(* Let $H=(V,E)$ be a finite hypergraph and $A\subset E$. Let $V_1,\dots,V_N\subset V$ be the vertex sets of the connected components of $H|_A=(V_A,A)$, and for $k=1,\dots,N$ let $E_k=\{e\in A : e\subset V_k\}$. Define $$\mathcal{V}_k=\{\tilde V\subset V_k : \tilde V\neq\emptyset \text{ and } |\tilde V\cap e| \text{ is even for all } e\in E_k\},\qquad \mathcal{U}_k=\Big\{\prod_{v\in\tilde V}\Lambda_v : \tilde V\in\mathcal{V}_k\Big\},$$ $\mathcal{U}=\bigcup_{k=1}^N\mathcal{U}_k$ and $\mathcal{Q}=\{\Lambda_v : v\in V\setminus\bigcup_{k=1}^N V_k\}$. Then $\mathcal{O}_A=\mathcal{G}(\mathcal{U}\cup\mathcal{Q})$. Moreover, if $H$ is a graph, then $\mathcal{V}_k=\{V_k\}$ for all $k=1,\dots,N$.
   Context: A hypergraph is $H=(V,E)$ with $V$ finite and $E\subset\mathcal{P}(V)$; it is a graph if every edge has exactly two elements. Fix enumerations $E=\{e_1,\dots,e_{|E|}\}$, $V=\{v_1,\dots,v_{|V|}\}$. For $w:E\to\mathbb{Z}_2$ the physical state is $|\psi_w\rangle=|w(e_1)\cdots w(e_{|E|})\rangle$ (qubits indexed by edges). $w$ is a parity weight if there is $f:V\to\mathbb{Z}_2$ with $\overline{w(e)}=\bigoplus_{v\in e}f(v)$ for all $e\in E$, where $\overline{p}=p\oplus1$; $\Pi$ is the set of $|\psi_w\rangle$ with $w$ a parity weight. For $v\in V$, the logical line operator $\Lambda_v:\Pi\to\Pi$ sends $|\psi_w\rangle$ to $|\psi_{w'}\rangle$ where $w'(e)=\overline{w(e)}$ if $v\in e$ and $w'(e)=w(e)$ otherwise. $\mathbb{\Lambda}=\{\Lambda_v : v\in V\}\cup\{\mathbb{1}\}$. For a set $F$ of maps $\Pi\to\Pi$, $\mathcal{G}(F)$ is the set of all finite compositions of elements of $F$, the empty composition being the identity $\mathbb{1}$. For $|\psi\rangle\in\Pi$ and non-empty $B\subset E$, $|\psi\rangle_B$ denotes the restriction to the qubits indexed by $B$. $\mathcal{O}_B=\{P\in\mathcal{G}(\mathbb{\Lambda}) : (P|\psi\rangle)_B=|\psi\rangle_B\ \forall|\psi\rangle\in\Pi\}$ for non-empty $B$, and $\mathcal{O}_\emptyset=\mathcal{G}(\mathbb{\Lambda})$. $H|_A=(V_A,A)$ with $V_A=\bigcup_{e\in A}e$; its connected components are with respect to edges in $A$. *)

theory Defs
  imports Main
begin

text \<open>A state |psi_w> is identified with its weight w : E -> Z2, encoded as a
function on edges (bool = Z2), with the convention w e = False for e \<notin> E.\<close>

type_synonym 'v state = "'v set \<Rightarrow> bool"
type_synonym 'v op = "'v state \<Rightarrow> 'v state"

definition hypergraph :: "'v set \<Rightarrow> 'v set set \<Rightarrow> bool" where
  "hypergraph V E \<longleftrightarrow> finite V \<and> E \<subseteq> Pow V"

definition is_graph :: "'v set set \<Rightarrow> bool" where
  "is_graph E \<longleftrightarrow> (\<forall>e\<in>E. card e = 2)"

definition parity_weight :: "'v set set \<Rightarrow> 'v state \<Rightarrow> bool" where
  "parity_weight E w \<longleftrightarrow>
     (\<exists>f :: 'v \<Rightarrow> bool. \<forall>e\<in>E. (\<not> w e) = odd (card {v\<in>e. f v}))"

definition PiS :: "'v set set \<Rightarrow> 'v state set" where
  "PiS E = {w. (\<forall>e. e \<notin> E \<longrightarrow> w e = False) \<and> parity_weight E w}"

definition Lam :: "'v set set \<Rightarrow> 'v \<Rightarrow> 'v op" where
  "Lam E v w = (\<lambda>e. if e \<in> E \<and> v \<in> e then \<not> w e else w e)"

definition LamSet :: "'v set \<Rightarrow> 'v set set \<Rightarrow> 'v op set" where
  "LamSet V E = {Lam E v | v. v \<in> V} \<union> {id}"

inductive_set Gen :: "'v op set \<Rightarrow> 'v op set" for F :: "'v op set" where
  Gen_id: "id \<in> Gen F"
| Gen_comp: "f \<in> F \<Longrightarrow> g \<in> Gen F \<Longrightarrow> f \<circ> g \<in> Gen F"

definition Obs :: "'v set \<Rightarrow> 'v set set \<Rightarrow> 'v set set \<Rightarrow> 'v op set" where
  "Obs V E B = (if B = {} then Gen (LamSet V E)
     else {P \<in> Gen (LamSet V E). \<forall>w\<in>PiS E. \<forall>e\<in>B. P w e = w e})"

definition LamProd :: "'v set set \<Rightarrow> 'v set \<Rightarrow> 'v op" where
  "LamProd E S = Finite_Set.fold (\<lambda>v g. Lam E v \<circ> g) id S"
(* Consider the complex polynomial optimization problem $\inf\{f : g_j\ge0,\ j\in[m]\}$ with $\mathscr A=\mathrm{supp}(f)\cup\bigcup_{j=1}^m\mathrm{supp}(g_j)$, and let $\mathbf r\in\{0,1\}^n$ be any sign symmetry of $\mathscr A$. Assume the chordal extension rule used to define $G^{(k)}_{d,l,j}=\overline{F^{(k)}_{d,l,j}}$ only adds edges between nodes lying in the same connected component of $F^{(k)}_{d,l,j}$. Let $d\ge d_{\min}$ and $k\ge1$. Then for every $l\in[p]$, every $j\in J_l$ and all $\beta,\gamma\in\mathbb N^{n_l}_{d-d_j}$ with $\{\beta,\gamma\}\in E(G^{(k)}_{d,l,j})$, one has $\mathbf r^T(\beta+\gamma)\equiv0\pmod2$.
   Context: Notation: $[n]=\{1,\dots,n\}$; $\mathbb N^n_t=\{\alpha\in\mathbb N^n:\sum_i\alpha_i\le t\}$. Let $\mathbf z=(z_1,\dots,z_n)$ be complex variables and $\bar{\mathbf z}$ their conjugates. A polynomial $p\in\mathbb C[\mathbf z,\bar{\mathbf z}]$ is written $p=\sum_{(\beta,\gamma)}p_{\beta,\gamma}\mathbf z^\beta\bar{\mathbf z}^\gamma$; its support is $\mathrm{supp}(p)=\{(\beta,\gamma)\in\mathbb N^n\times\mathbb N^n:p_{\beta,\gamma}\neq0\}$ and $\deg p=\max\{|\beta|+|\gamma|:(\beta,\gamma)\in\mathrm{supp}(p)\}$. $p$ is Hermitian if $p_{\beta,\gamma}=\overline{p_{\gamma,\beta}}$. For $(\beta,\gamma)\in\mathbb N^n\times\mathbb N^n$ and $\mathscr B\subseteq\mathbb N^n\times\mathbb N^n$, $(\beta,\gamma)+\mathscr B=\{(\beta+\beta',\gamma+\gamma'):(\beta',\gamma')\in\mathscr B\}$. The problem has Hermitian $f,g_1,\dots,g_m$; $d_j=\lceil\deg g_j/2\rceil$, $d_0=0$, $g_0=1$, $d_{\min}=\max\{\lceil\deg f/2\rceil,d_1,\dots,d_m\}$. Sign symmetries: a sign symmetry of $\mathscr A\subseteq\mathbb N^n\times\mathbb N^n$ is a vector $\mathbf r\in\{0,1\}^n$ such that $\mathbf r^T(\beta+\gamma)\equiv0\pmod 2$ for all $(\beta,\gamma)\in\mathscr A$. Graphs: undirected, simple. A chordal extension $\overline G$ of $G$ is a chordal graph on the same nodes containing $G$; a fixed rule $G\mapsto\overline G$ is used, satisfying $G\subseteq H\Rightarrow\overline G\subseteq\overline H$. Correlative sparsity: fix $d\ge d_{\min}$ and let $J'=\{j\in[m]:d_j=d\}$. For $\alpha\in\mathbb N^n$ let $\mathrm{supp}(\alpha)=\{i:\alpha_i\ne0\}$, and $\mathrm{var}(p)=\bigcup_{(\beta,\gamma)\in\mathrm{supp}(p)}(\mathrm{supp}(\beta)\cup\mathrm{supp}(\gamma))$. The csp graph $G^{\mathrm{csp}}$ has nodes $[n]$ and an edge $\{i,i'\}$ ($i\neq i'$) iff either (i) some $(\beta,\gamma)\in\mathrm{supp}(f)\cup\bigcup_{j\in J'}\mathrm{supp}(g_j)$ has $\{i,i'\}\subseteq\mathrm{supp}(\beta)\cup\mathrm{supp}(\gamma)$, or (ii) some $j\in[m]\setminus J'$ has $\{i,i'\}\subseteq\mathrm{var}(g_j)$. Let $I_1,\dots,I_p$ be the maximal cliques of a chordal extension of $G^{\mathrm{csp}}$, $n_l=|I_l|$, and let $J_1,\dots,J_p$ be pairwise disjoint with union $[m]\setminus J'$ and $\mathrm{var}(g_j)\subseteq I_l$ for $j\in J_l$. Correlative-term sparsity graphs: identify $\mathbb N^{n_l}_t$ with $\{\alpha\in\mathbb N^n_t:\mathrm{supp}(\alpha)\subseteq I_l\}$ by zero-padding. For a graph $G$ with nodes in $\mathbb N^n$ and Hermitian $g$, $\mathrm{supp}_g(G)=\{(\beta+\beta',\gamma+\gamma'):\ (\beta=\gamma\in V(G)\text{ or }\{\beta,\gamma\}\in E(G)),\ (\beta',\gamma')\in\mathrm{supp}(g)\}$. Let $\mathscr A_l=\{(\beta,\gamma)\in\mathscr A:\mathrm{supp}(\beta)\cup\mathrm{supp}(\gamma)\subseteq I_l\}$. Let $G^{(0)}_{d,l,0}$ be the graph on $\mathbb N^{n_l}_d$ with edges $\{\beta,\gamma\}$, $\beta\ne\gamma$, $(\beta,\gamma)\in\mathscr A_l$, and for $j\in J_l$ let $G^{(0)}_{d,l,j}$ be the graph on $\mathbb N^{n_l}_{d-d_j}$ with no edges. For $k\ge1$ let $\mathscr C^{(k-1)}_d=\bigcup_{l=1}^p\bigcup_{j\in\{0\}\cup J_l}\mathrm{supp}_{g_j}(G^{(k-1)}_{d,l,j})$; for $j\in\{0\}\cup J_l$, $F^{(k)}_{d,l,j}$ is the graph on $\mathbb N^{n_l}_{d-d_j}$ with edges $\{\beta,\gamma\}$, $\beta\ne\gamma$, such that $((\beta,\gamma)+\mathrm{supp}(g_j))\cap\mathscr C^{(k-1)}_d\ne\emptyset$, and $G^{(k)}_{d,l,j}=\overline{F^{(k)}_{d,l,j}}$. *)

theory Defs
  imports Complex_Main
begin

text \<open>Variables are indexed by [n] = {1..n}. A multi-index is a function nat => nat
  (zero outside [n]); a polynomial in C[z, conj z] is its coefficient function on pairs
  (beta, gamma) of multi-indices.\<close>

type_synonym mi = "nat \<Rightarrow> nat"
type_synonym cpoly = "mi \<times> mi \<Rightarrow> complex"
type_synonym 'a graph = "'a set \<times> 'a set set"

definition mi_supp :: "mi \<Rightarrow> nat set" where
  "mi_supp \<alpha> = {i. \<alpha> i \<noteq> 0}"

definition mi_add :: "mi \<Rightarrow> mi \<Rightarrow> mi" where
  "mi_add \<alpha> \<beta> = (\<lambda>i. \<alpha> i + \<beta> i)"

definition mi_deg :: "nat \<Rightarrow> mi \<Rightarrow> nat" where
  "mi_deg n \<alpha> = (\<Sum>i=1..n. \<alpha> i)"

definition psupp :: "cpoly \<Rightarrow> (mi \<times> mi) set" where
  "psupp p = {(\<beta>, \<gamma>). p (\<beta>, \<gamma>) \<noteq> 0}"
◇ ◇ ◇
== WHAT TO WORK ON ==
From the line holding "n \<alpha> = (\<Sum>i=1..n." to the last line of the data above, copy every line exactly and include nothing more.

== EXERCISE RESPONSE ==
  "mi_deg n \<alpha> = (\<Sum>i=1..n. \<alpha> i)"

definition psupp :: "cpoly \<Rightarrow> (mi \<times> mi) set" where
  "psupp p = {(\<beta>, \<gamma>). p (\<beta>, \<gamma>) \<noteq> 0}"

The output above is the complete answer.